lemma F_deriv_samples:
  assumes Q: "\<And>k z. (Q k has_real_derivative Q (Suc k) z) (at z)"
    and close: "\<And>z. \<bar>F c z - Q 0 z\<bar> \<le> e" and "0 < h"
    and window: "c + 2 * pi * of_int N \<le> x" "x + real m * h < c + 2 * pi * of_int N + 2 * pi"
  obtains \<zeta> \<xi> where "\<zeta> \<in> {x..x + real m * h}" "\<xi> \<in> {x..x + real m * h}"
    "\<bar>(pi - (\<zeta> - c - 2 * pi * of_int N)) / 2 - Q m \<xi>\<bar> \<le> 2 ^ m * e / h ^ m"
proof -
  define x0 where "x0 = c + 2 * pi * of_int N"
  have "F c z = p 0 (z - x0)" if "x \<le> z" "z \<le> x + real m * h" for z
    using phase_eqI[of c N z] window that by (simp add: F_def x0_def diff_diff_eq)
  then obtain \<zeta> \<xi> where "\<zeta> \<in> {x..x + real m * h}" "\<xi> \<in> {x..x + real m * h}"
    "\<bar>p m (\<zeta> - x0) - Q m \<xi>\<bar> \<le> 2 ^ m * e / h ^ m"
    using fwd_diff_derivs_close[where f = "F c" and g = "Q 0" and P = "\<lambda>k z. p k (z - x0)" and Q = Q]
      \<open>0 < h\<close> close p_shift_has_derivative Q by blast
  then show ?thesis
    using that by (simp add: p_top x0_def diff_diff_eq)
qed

--- --- ---

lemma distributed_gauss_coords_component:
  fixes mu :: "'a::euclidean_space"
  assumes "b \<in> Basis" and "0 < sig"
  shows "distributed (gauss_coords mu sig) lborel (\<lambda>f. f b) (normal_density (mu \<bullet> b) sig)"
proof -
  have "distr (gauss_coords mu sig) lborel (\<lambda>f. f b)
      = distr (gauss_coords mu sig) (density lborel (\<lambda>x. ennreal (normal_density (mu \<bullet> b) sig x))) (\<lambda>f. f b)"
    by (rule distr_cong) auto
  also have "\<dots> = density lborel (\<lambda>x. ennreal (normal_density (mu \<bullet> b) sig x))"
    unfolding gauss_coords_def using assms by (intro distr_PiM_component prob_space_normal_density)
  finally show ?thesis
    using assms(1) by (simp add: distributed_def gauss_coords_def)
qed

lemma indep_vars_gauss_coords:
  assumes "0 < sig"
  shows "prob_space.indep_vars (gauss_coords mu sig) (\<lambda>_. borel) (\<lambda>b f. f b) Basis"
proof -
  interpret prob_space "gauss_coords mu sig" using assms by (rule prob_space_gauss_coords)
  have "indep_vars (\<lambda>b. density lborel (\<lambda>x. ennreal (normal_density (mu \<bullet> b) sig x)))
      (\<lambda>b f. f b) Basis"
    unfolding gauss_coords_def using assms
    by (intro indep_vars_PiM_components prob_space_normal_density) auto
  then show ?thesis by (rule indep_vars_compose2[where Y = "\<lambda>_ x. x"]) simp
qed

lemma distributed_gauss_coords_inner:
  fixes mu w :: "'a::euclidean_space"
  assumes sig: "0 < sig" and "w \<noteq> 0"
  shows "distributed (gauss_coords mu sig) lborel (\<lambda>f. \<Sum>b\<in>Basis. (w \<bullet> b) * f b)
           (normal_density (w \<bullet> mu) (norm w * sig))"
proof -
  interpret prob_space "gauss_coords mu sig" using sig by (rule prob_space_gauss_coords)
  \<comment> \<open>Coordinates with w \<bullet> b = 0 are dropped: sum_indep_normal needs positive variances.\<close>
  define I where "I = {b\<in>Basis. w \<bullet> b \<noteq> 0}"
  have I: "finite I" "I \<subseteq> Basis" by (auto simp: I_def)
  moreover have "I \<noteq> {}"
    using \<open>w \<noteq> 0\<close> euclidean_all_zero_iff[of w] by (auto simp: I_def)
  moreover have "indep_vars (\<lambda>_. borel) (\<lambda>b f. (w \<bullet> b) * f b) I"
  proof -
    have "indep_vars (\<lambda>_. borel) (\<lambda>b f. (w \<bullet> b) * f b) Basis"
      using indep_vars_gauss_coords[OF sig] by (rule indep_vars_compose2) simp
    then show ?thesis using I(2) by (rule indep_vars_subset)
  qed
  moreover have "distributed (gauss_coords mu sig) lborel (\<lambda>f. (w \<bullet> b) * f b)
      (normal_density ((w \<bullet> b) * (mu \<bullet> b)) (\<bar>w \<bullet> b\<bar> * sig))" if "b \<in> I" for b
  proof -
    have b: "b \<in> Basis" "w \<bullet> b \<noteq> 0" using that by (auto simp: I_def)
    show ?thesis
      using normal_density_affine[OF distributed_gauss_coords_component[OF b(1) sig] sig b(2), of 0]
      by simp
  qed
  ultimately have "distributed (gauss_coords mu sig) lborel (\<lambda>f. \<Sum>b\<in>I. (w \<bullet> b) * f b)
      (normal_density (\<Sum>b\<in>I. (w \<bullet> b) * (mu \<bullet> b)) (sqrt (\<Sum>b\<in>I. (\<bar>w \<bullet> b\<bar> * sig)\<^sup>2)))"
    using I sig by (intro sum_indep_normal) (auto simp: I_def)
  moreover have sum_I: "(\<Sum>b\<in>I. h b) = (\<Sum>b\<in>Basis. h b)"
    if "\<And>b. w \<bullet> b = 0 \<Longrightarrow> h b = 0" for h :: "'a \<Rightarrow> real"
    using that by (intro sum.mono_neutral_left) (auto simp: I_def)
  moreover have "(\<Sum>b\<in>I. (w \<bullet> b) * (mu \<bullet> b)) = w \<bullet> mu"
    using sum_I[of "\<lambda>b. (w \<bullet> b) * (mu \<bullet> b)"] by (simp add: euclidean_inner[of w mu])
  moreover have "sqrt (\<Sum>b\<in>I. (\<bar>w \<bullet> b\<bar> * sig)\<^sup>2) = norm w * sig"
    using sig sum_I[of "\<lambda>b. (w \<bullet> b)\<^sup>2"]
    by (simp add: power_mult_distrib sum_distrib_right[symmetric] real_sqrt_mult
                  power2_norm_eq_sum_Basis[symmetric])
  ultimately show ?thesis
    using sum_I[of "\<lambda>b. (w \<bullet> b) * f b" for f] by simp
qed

--- --- ---

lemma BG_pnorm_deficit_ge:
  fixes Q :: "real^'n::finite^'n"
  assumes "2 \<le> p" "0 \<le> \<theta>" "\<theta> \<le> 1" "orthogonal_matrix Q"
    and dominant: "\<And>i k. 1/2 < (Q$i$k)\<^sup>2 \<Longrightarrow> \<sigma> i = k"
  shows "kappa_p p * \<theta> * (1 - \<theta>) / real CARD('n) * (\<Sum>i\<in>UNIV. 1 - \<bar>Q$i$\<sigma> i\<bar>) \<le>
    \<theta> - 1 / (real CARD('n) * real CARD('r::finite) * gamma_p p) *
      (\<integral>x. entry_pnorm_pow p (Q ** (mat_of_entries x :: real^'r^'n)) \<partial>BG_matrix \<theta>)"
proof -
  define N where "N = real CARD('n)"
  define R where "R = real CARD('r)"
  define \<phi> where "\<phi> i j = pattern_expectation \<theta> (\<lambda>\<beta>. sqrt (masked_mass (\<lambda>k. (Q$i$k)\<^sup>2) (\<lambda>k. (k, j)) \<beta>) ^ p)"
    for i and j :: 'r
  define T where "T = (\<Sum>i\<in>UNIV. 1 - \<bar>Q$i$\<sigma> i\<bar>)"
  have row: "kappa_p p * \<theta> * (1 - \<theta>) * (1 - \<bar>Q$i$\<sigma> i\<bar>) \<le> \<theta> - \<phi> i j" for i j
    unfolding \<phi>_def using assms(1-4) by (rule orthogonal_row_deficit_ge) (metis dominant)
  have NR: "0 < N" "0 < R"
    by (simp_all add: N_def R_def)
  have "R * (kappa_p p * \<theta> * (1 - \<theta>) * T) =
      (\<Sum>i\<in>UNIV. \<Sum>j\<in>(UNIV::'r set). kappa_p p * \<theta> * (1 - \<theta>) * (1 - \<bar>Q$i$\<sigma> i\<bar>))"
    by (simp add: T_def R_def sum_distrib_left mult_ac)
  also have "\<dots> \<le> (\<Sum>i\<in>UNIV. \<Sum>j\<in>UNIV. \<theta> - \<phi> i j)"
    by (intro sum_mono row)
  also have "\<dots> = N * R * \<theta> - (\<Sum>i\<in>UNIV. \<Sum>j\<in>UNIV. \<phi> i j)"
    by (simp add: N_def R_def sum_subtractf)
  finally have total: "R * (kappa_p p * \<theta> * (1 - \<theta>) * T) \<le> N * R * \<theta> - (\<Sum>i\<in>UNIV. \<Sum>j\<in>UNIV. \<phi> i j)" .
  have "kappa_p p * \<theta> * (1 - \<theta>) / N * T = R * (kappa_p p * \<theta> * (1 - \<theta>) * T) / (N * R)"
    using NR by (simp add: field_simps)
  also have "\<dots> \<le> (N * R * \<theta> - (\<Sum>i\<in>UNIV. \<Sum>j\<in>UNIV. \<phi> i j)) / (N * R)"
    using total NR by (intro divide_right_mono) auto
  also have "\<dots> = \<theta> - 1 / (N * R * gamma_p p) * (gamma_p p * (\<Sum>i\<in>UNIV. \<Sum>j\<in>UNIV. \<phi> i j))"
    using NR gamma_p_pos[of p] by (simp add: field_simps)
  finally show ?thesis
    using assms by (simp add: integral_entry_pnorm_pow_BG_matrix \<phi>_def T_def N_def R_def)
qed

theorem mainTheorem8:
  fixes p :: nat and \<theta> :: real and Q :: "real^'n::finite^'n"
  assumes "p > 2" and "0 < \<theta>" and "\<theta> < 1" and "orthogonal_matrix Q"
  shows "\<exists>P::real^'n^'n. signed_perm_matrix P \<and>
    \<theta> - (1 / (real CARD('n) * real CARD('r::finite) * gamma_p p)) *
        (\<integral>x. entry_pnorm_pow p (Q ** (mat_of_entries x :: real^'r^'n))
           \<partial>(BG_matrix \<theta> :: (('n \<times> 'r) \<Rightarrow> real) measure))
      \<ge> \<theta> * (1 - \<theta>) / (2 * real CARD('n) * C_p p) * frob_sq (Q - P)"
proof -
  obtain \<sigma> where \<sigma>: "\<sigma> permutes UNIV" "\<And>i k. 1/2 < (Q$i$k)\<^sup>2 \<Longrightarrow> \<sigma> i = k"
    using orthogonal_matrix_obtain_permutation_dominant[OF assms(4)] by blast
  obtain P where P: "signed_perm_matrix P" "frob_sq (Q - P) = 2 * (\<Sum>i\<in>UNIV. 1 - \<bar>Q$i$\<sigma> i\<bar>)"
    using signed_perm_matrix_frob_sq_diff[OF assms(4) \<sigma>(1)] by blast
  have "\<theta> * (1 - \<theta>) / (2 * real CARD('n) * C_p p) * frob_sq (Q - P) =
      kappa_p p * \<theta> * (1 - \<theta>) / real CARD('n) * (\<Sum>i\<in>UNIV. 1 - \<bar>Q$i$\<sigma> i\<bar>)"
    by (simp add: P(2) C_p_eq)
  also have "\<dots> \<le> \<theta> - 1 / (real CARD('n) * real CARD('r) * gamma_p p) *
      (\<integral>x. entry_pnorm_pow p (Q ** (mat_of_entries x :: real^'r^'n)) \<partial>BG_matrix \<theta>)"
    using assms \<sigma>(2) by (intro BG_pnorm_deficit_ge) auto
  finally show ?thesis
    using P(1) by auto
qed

--- --- ---

▶ Exercise objective
Please copy, exactly as written, every line in the listing above from the line with "using indep_vars_gauss_coords[OF sig]" up to and including the line with "sig)\<^sup>2) = norm".

▶ Answer space
      using indep_vars_gauss_coords[OF sig] by (rule indep_vars_compose2) simp
    then show ?thesis using I(2) by (rule indep_vars_subset)
  qed
  moreover have "distributed (gauss_coords mu sig) lborel (\<lambda>f. (w \<bullet> b) * f b)
      (normal_density ((w \<bullet> b) * (mu \<bullet> b)) (\<bar>w \<bullet> b\<bar> * sig))" if "b \<in> I" for b
  proof -
    have b: "b \<in> Basis" "w \<bullet> b \<noteq> 0" using that by (auto simp: I_def)
    show ?thesis
      using normal_density_affine[OF distributed_gauss_coords_component[OF b(1) sig] sig b(2), of 0]
      by simp
  qed
  ultimately have "distributed (gauss_coords mu sig) lborel (\<lambda>f. \<Sum>b\<in>I. (w \<bullet> b) * f b)
      (normal_density (\<Sum>b\<in>I. (w \<bullet> b) * (mu \<bullet> b)) (sqrt (\<Sum>b\<in>I. (\<bar>w \<bullet> b\<bar> * sig)\<^sup>2)))"
    using I sig by (intro sum_indep_normal) (auto simp: I_def)
  moreover have sum_I: "(\<Sum>b\<in>I. h b) = (\<Sum>b\<in>Basis. h b)"
    if "\<And>b. w \<bullet> b = 0 \<Longrightarrow> h b = 0" for h :: "'a \<Rightarrow> real"
    using that by (intro sum.mono_neutral_left) (auto simp: I_def)
  moreover have "(\<Sum>b\<in>I. (w \<bullet> b) * (mu \<bullet> b)) = w \<bullet> mu"
    using sum_I[of "\<lambda>b. (w \<bullet> b) * (mu \<bullet> b)"] by (simp add: euclidean_inner[of w mu])
  moreover have "sqrt (\<Sum>b\<in>I. (\<bar>w \<bullet> b\<bar> * sig)\<^sup>2) = norm w * sig"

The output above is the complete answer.